ABOUT THIS EXERCISE
If a line in the material below has the word "assumes", copy it.

RAW DATA
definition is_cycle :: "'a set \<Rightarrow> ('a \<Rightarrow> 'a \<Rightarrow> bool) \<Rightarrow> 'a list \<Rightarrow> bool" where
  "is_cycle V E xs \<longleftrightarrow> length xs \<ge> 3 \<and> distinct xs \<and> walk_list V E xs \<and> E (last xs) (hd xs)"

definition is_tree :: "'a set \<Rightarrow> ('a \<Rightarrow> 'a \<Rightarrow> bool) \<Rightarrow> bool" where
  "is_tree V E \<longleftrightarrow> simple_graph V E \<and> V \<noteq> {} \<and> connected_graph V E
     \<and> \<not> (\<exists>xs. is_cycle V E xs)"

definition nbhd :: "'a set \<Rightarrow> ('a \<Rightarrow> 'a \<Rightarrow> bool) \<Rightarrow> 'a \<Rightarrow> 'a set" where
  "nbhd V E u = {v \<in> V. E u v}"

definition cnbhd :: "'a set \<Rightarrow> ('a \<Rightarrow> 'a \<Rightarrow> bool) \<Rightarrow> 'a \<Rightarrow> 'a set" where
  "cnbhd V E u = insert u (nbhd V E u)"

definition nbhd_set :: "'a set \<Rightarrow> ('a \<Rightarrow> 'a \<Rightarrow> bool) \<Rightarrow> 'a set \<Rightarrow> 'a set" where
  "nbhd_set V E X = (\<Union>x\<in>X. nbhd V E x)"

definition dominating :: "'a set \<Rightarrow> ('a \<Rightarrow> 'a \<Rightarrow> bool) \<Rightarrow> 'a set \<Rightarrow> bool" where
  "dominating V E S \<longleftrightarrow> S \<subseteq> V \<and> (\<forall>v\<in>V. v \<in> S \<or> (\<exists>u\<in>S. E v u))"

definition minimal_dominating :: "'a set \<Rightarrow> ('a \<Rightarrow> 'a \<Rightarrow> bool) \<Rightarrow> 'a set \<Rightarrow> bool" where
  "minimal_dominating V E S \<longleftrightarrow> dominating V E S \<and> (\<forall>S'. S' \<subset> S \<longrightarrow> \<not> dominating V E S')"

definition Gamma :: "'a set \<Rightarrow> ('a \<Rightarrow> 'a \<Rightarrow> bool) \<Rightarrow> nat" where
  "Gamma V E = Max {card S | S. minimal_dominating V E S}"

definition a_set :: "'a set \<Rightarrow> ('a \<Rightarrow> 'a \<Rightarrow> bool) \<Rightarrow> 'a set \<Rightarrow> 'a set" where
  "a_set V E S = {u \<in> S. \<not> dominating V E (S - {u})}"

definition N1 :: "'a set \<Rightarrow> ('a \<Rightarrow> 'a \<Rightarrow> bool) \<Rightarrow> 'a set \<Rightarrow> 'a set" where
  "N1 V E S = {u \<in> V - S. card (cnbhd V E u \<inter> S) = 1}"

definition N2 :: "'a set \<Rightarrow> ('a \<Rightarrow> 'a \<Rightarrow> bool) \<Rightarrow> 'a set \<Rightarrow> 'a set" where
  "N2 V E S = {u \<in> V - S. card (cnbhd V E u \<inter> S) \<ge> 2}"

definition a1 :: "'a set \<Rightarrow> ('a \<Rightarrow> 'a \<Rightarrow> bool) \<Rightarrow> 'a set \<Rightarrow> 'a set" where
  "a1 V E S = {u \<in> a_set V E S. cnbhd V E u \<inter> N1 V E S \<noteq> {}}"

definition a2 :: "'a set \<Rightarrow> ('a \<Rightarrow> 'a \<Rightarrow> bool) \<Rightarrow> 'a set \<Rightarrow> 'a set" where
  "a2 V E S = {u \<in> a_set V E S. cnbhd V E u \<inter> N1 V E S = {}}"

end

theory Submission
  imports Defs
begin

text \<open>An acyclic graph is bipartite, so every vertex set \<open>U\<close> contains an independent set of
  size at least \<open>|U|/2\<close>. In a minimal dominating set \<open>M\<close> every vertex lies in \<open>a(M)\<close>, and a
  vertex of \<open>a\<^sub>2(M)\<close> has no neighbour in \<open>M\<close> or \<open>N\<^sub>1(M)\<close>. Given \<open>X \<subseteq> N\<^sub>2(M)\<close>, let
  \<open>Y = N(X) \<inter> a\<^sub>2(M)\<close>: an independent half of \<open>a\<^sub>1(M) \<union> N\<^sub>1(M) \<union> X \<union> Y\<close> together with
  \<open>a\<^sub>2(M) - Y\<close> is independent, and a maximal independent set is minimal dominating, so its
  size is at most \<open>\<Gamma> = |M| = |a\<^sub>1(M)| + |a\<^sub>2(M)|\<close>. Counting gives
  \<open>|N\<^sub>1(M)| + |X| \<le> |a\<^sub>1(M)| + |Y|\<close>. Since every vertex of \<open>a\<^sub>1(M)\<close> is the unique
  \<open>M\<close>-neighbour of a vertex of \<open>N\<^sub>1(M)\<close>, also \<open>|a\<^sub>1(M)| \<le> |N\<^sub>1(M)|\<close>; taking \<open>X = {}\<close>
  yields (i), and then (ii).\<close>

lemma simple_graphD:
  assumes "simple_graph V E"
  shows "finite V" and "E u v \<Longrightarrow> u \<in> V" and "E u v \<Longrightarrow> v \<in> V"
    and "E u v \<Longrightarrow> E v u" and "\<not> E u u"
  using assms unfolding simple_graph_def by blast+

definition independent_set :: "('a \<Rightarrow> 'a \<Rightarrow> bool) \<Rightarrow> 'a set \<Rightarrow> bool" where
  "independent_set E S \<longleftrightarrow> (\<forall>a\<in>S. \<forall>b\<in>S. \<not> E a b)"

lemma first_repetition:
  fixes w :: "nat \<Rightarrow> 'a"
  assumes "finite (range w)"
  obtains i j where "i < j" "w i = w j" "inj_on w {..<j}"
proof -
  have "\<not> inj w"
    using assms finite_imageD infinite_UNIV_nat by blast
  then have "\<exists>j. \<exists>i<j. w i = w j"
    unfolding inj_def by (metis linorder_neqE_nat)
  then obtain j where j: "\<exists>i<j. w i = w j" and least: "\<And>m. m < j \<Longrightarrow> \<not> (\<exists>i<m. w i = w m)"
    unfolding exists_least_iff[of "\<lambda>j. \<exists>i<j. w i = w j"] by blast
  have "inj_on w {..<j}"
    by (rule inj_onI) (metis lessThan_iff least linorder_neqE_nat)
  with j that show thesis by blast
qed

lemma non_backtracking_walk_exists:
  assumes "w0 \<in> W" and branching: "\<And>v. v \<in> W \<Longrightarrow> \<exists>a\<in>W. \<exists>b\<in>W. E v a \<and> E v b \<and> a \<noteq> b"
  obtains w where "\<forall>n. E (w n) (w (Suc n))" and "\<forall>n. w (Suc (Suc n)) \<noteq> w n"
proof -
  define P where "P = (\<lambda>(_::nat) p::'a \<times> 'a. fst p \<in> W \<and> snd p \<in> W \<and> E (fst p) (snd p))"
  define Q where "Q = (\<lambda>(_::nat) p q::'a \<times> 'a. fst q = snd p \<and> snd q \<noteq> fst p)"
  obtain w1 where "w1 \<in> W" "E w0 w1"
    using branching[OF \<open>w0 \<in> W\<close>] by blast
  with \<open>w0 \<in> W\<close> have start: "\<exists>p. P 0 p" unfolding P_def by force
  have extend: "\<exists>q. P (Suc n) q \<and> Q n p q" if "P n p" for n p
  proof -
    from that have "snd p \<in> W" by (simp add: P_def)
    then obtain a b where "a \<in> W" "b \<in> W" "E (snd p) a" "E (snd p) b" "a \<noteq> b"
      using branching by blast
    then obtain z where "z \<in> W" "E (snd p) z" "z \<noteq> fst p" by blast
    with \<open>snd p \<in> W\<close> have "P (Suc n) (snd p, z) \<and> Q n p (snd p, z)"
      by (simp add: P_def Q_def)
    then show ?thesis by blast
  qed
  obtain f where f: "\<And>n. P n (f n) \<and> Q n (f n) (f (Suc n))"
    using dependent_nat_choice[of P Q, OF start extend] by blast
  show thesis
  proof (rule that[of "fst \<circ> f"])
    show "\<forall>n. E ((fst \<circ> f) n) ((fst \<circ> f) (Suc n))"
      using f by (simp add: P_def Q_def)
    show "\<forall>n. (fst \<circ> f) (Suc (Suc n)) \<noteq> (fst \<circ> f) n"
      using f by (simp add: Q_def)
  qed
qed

* * *

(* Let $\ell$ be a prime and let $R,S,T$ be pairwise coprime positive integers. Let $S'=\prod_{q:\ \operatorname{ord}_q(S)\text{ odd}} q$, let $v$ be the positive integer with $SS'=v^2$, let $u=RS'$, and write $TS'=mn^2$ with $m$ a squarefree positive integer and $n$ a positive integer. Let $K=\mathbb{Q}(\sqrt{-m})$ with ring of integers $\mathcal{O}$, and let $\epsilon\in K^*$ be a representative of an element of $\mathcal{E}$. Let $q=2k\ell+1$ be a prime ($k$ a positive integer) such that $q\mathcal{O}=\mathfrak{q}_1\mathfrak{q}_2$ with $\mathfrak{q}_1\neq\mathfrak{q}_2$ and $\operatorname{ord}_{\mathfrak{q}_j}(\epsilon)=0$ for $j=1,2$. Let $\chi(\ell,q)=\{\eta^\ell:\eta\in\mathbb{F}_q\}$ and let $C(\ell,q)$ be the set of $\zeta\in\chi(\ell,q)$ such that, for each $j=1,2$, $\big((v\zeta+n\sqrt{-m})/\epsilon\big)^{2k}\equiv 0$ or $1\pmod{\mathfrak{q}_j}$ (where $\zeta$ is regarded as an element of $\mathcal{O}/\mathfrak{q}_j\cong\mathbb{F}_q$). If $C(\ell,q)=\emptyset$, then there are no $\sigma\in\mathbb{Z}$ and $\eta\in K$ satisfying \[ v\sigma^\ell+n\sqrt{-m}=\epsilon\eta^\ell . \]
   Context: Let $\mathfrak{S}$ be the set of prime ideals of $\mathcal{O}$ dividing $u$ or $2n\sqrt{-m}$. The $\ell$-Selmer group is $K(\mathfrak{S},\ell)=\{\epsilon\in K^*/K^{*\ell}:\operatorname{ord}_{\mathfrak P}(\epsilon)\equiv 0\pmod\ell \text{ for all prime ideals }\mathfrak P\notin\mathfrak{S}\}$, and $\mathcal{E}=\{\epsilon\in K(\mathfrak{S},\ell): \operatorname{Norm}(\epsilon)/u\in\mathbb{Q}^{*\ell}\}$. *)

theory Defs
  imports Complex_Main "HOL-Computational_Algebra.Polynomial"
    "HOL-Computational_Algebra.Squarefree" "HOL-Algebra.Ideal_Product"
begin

PROBLEM SOLUTION
  assumes "simple_graph V E"
  assumes "finite (range w)"
  assumes "w0 \<in> W" and branching: "\<And>v. v \<in> W \<Longrightarrow> \<exists>a\<in>W. \<exists>b\<in>W. E v a \<and> E v b \<and> a \<noteq> b"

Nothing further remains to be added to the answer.